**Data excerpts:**
......
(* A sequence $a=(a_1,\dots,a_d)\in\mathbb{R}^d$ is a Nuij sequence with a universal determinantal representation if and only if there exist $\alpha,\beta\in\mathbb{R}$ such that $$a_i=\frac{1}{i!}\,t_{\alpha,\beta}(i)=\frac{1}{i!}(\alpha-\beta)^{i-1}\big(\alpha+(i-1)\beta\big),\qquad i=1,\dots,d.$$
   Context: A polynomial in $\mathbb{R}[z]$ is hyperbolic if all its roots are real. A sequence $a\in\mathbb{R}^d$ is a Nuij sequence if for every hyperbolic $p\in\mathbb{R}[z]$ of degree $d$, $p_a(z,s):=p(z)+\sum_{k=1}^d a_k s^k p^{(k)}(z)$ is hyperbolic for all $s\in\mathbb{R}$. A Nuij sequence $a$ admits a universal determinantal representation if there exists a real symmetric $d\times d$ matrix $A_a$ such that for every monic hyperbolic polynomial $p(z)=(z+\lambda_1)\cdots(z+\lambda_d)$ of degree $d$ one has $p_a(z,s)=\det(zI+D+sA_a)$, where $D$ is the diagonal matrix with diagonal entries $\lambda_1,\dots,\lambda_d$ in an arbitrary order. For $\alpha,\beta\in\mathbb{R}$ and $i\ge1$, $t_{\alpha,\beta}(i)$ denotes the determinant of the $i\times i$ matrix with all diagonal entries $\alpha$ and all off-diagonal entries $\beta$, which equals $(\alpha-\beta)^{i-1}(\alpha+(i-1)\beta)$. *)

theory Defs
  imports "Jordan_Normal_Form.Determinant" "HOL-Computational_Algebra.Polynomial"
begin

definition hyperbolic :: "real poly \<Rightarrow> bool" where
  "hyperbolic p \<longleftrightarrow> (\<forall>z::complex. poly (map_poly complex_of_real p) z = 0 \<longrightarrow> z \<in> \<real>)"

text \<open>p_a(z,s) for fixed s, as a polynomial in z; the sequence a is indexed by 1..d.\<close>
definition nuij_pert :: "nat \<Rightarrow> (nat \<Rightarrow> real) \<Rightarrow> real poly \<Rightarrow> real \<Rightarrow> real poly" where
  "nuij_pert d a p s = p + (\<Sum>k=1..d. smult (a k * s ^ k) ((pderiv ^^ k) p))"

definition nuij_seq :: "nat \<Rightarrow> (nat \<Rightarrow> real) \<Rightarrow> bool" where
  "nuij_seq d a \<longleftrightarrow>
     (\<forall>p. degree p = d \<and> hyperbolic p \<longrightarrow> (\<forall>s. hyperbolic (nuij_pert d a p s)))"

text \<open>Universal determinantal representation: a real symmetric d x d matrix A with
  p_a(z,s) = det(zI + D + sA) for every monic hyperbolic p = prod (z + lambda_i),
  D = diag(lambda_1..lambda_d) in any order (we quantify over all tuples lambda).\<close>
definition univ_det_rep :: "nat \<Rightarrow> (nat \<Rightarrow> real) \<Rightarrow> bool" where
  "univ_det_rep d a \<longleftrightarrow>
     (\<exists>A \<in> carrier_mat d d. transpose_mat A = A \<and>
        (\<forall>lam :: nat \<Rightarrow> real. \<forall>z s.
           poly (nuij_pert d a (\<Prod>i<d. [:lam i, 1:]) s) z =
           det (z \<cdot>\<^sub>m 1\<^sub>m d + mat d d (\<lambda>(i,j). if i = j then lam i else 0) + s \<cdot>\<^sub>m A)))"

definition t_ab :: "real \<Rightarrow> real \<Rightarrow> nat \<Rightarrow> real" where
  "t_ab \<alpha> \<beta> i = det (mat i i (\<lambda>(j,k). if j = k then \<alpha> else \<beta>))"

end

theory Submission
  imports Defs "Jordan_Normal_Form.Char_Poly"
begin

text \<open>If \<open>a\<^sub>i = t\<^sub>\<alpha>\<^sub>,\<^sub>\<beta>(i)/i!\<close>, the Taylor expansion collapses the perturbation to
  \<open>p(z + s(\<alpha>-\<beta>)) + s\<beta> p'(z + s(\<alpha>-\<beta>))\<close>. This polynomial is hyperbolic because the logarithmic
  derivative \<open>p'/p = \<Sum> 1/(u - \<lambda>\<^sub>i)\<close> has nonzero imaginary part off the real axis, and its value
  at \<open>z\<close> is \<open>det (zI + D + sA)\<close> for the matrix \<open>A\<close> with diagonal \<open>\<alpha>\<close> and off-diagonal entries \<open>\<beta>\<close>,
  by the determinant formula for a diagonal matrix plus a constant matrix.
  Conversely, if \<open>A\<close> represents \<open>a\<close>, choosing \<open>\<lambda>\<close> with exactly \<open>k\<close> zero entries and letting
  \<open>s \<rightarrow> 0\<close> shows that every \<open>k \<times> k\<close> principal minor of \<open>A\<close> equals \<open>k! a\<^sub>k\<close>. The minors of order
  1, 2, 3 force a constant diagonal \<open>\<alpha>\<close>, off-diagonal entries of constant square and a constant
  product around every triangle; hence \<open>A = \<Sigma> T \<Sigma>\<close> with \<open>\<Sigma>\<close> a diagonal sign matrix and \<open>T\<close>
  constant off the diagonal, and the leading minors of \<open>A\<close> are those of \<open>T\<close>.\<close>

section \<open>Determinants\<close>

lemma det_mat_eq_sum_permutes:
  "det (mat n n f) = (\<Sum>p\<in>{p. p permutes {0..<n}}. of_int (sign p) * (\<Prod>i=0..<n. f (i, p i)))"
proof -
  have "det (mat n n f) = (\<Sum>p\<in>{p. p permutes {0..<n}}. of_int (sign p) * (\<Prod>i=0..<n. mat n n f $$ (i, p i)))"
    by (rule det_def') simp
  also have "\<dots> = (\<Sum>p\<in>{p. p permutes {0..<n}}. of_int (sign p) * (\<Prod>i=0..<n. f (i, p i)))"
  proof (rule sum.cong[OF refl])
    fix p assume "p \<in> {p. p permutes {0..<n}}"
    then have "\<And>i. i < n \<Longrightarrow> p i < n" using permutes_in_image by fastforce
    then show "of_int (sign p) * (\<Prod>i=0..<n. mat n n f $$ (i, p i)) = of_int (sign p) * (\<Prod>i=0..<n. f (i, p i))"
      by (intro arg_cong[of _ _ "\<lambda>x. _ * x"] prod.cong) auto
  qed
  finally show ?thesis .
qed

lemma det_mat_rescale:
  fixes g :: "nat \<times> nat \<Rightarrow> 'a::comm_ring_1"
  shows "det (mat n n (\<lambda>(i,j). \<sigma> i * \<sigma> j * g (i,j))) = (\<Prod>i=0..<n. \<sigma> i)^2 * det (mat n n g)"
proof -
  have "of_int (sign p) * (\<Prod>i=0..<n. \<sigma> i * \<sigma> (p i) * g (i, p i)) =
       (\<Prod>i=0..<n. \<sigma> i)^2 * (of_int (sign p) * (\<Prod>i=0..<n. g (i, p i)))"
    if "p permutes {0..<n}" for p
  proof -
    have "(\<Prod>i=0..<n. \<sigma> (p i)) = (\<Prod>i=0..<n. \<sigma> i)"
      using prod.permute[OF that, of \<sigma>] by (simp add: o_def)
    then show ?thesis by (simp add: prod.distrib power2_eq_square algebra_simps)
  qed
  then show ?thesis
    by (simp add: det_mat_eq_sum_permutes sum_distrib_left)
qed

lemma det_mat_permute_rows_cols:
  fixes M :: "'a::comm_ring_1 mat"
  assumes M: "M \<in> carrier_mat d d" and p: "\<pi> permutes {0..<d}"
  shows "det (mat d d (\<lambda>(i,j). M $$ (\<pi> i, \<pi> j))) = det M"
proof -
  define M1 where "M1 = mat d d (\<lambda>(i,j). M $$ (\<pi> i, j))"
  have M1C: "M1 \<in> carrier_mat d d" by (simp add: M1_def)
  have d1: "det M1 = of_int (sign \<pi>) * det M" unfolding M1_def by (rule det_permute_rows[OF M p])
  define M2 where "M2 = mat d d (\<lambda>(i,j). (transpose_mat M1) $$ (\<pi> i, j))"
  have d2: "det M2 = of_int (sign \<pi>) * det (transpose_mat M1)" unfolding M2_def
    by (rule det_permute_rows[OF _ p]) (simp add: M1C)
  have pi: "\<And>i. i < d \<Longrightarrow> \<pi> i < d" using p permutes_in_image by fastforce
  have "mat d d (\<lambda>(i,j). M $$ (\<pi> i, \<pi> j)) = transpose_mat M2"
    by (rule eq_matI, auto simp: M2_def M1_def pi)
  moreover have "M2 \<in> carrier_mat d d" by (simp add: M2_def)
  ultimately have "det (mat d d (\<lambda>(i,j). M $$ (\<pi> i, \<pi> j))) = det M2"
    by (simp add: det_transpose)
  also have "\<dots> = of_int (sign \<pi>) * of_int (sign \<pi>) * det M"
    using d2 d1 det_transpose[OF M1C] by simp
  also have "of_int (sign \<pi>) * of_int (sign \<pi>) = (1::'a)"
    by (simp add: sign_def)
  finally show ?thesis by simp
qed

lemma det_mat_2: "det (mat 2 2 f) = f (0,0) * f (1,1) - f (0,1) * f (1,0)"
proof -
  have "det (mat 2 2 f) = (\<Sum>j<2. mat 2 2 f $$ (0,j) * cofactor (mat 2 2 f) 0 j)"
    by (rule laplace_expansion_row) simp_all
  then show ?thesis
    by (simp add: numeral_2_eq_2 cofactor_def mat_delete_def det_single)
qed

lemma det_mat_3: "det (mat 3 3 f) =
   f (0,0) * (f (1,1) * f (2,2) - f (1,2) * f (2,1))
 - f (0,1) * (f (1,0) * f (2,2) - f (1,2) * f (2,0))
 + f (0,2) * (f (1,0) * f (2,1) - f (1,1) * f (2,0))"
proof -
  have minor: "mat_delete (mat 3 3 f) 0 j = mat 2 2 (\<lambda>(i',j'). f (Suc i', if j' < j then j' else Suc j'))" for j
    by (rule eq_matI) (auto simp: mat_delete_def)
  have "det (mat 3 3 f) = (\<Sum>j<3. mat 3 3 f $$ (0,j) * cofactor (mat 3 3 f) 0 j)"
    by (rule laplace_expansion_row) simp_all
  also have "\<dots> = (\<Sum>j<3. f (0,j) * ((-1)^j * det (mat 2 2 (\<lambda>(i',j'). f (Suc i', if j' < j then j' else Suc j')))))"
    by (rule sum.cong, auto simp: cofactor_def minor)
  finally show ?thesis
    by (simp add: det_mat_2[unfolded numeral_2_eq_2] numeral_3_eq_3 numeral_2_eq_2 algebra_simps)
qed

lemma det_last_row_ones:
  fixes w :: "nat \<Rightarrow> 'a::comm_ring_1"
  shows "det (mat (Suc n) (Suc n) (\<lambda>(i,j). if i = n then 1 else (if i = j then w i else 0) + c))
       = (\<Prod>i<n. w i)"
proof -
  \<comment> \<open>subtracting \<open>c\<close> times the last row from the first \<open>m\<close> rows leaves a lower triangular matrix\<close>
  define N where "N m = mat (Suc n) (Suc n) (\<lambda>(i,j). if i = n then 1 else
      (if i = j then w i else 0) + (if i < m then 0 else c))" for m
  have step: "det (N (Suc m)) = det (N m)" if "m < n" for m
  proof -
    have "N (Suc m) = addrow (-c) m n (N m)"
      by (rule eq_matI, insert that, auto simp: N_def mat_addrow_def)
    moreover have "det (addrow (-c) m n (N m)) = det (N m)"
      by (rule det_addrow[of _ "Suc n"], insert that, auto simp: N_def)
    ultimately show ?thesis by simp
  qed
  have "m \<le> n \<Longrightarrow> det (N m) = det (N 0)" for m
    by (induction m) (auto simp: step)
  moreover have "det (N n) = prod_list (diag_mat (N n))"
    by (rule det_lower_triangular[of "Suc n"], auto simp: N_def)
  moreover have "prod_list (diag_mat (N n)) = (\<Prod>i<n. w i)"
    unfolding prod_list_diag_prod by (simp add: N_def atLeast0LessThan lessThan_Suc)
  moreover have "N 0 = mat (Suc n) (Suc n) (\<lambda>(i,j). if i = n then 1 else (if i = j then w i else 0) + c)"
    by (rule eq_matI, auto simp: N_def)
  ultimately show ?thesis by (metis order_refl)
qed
......
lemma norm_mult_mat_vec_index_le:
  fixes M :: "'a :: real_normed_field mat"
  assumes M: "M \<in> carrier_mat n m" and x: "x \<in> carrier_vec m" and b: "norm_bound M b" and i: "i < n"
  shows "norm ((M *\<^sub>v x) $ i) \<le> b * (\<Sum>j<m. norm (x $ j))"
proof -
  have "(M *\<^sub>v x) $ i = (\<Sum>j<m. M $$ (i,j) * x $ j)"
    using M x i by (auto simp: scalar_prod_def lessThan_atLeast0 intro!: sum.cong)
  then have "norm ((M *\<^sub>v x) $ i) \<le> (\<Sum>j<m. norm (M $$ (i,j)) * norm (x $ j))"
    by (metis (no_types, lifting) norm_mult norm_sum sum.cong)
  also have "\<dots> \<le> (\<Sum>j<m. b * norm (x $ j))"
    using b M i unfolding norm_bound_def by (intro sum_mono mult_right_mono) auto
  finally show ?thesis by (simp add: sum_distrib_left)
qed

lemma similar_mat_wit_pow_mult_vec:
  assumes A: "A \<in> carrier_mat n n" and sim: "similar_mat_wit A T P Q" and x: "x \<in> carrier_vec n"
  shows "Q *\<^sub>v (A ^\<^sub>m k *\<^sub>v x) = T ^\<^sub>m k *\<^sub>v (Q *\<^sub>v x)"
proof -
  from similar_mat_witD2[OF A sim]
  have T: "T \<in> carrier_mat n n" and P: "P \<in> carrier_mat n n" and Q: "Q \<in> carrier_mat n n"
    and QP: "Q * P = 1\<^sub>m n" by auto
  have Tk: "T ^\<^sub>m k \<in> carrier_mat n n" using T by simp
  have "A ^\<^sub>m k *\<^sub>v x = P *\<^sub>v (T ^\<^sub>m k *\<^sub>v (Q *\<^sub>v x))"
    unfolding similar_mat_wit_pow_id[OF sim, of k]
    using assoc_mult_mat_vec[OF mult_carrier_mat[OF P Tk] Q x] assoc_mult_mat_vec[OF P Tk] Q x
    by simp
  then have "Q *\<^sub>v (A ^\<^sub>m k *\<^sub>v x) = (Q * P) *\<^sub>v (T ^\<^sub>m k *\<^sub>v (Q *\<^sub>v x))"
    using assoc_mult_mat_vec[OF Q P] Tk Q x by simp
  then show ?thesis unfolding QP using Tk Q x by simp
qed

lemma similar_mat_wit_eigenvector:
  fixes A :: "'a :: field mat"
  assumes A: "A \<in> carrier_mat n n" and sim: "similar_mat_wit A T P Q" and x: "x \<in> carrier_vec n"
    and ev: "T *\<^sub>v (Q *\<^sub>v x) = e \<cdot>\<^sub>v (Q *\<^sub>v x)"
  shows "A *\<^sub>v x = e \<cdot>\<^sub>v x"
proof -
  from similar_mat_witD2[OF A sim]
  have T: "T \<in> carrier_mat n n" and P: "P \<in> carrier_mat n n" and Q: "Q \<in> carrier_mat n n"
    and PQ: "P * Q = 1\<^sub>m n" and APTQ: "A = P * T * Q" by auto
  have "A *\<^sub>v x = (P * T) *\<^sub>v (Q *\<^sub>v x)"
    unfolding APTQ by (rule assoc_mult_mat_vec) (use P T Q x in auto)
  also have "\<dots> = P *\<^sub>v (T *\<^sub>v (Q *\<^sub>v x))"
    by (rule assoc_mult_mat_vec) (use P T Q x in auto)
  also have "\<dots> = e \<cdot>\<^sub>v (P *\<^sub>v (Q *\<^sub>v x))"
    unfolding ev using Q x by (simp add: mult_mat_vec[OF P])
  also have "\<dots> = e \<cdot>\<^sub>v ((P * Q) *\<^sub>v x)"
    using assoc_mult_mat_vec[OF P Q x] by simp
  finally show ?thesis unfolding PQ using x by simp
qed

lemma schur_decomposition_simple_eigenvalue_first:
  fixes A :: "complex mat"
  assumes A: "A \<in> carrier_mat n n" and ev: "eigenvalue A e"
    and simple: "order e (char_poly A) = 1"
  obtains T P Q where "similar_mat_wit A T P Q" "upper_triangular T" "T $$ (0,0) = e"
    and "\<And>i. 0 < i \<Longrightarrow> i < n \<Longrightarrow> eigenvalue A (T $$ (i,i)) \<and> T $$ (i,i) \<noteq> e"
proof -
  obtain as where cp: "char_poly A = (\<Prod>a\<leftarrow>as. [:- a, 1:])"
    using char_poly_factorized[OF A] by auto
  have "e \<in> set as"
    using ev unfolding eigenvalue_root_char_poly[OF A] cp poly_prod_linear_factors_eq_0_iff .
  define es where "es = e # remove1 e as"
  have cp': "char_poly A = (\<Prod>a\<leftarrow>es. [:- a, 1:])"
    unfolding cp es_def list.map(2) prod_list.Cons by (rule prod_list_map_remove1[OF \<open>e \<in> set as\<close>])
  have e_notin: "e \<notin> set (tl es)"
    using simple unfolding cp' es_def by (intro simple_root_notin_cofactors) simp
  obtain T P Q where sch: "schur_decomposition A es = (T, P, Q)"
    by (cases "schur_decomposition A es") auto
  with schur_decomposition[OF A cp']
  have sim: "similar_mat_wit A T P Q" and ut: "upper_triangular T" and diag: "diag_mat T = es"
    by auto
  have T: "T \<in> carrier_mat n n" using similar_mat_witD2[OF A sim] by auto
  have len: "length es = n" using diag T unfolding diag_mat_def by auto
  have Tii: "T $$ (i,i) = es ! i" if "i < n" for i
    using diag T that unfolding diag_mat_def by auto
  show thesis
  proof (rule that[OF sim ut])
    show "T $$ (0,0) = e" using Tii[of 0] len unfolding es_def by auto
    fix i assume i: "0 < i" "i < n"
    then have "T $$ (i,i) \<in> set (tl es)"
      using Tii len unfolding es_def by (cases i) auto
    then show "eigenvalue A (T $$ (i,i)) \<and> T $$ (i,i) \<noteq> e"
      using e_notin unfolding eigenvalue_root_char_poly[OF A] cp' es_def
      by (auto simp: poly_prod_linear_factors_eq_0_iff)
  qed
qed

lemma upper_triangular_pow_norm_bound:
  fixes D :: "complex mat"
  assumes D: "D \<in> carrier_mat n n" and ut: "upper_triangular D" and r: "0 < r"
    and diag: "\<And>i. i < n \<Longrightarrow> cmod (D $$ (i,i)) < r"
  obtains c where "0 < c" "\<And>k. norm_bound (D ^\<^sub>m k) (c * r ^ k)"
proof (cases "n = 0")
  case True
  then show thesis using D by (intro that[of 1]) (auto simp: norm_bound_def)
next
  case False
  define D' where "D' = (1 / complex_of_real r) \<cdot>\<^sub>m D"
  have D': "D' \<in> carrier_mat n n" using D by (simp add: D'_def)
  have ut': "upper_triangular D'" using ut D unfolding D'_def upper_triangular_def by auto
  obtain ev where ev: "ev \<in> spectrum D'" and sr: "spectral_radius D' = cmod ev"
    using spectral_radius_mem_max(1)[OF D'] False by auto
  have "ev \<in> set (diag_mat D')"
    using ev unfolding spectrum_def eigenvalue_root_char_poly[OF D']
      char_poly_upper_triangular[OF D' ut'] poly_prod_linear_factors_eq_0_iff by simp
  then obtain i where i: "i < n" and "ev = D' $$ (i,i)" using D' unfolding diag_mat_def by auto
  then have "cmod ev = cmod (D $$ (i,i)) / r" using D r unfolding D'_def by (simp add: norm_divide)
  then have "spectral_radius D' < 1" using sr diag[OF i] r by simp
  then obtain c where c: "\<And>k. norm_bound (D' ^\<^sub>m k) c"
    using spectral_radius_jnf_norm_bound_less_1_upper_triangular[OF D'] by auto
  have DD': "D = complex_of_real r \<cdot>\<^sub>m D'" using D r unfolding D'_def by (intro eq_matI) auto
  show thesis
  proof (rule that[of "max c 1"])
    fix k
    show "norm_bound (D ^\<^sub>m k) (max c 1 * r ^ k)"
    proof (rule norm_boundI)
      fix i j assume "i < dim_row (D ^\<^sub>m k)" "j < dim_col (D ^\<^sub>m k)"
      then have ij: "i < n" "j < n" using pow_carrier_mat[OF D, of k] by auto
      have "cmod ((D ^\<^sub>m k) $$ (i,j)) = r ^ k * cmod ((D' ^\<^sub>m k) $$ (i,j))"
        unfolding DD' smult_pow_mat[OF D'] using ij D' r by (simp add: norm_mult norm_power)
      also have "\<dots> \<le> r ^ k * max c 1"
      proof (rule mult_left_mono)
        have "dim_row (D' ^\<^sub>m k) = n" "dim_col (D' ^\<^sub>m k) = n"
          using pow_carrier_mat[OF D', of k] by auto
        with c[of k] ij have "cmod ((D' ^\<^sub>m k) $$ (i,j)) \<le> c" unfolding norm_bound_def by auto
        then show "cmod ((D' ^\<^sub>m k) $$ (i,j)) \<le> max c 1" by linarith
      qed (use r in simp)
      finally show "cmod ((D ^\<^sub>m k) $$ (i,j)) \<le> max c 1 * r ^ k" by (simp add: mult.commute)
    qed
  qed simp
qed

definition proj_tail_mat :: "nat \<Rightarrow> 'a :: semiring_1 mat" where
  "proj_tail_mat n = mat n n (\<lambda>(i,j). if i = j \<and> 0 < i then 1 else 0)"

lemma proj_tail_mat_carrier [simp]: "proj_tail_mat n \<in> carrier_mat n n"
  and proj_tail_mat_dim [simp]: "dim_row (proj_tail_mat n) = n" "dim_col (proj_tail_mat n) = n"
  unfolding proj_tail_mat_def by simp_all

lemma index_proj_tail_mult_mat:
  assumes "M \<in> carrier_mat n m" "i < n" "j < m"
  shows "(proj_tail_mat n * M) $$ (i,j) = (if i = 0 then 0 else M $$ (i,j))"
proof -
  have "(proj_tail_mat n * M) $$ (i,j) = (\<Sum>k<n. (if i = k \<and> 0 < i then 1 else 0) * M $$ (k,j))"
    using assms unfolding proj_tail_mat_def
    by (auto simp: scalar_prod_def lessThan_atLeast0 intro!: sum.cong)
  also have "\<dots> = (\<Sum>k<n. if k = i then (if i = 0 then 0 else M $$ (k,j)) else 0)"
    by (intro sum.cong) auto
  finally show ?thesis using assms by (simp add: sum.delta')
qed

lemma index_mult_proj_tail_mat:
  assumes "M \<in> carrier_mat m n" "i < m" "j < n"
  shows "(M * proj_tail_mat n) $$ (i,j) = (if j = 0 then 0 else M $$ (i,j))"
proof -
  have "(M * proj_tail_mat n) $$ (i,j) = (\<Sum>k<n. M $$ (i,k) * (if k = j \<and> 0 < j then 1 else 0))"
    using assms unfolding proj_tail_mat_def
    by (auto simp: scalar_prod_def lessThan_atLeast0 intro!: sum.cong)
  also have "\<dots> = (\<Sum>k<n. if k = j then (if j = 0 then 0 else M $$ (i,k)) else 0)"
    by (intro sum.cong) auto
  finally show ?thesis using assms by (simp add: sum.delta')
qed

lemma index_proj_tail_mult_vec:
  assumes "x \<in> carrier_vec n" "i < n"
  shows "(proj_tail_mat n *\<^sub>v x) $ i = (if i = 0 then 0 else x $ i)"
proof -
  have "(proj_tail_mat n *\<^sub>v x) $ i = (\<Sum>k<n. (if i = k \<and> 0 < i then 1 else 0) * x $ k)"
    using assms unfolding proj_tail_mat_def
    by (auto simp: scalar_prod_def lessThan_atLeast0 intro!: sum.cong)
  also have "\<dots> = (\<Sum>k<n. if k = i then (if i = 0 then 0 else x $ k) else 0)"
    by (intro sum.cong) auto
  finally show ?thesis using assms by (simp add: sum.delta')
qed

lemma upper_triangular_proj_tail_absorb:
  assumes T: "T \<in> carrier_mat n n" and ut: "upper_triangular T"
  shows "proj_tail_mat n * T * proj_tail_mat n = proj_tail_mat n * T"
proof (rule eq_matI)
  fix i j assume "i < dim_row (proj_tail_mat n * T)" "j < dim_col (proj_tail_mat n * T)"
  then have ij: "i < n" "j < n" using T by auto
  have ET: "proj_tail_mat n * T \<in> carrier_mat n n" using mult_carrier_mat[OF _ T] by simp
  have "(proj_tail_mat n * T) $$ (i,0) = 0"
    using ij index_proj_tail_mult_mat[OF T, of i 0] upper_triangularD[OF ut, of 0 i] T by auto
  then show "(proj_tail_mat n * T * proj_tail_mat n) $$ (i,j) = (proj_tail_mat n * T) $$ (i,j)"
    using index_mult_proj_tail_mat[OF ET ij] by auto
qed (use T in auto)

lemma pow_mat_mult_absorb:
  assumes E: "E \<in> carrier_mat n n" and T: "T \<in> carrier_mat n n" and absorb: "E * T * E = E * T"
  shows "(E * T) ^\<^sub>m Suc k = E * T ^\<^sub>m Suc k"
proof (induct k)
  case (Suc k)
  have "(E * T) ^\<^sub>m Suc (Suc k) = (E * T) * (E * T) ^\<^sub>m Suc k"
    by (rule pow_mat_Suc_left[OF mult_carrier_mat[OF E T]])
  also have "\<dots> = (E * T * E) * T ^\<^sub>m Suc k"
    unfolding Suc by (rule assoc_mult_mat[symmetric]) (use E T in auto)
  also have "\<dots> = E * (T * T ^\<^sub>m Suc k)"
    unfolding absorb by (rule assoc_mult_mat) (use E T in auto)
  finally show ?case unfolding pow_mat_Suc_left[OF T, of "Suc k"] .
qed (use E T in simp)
......
From the records above, reproduce exactly the lines from the one with "(* A sequence" to the one with "(\<forall>p. degree p", both included, and no others.

(* A sequence $a=(a_1,\dots,a_d)\in\mathbb{R}^d$ is a Nuij sequence with a universal determinantal representation if and only if there exist $\alpha,\beta\in\mathbb{R}$ such that $$a_i=\frac{1}{i!}\,t_{\alpha,\beta}(i)=\frac{1}{i!}(\alpha-\beta)^{i-1}\big(\alpha+(i-1)\beta\big),\qquad i=1,\dots,d.$$
   Context: A polynomial in $\mathbb{R}[z]$ is hyperbolic if all its roots are real. A sequence $a\in\mathbb{R}^d$ is a Nuij sequence if for every hyperbolic $p\in\mathbb{R}[z]$ of degree $d$, $p_a(z,s):=p(z)+\sum_{k=1}^d a_k s^k p^{(k)}(z)$ is hyperbolic for all $s\in\mathbb{R}$. A Nuij sequence $a$ admits a universal determinantal representation if there exists a real symmetric $d\times d$ matrix $A_a$ such that for every monic hyperbolic polynomial $p(z)=(z+\lambda_1)\cdots(z+\lambda_d)$ of degree $d$ one has $p_a(z,s)=\det(zI+D+sA_a)$, where $D$ is the diagonal matrix with diagonal entries $\lambda_1,\dots,\lambda_d$ in an arbitrary order. For $\alpha,\beta\in\mathbb{R}$ and $i\ge1$, $t_{\alpha,\beta}(i)$ denotes the determinant of the $i\times i$ matrix with all diagonal entries $\alpha$ and all off-diagonal entries $\beta$, which equals $(\alpha-\beta)^{i-1}(\alpha+(i-1)\beta)$. *)

theory Defs
  imports "Jordan_Normal_Form.Determinant" "HOL-Computational_Algebra.Polynomial"
begin

definition hyperbolic :: "real poly \<Rightarrow> bool" where
  "hyperbolic p \<longleftrightarrow> (\<forall>z::complex. poly (map_poly complex_of_real p) z = 0 \<longrightarrow> z \<in> \<real>)"

text \<open>p_a(z,s) for fixed s, as a polynomial in z; the sequence a is indexed by 1..d.\<close>
definition nuij_pert :: "nat \<Rightarrow> (nat \<Rightarrow> real) \<Rightarrow> real poly \<Rightarrow> real \<Rightarrow> real poly" where
  "nuij_pert d a p s = p + (\<Sum>k=1..d. smult (a k * s ^ k) ((pderiv ^^ k) p))"

definition nuij_seq :: "nat \<Rightarrow> (nat \<Rightarrow> real) \<Rightarrow> bool" where
  "nuij_seq d a \<longleftrightarrow>
     (\<forall>p. degree p = d \<and> hyperbolic p \<longrightarrow> (\<forall>s. hyperbolic (nuij_pert d a p s)))"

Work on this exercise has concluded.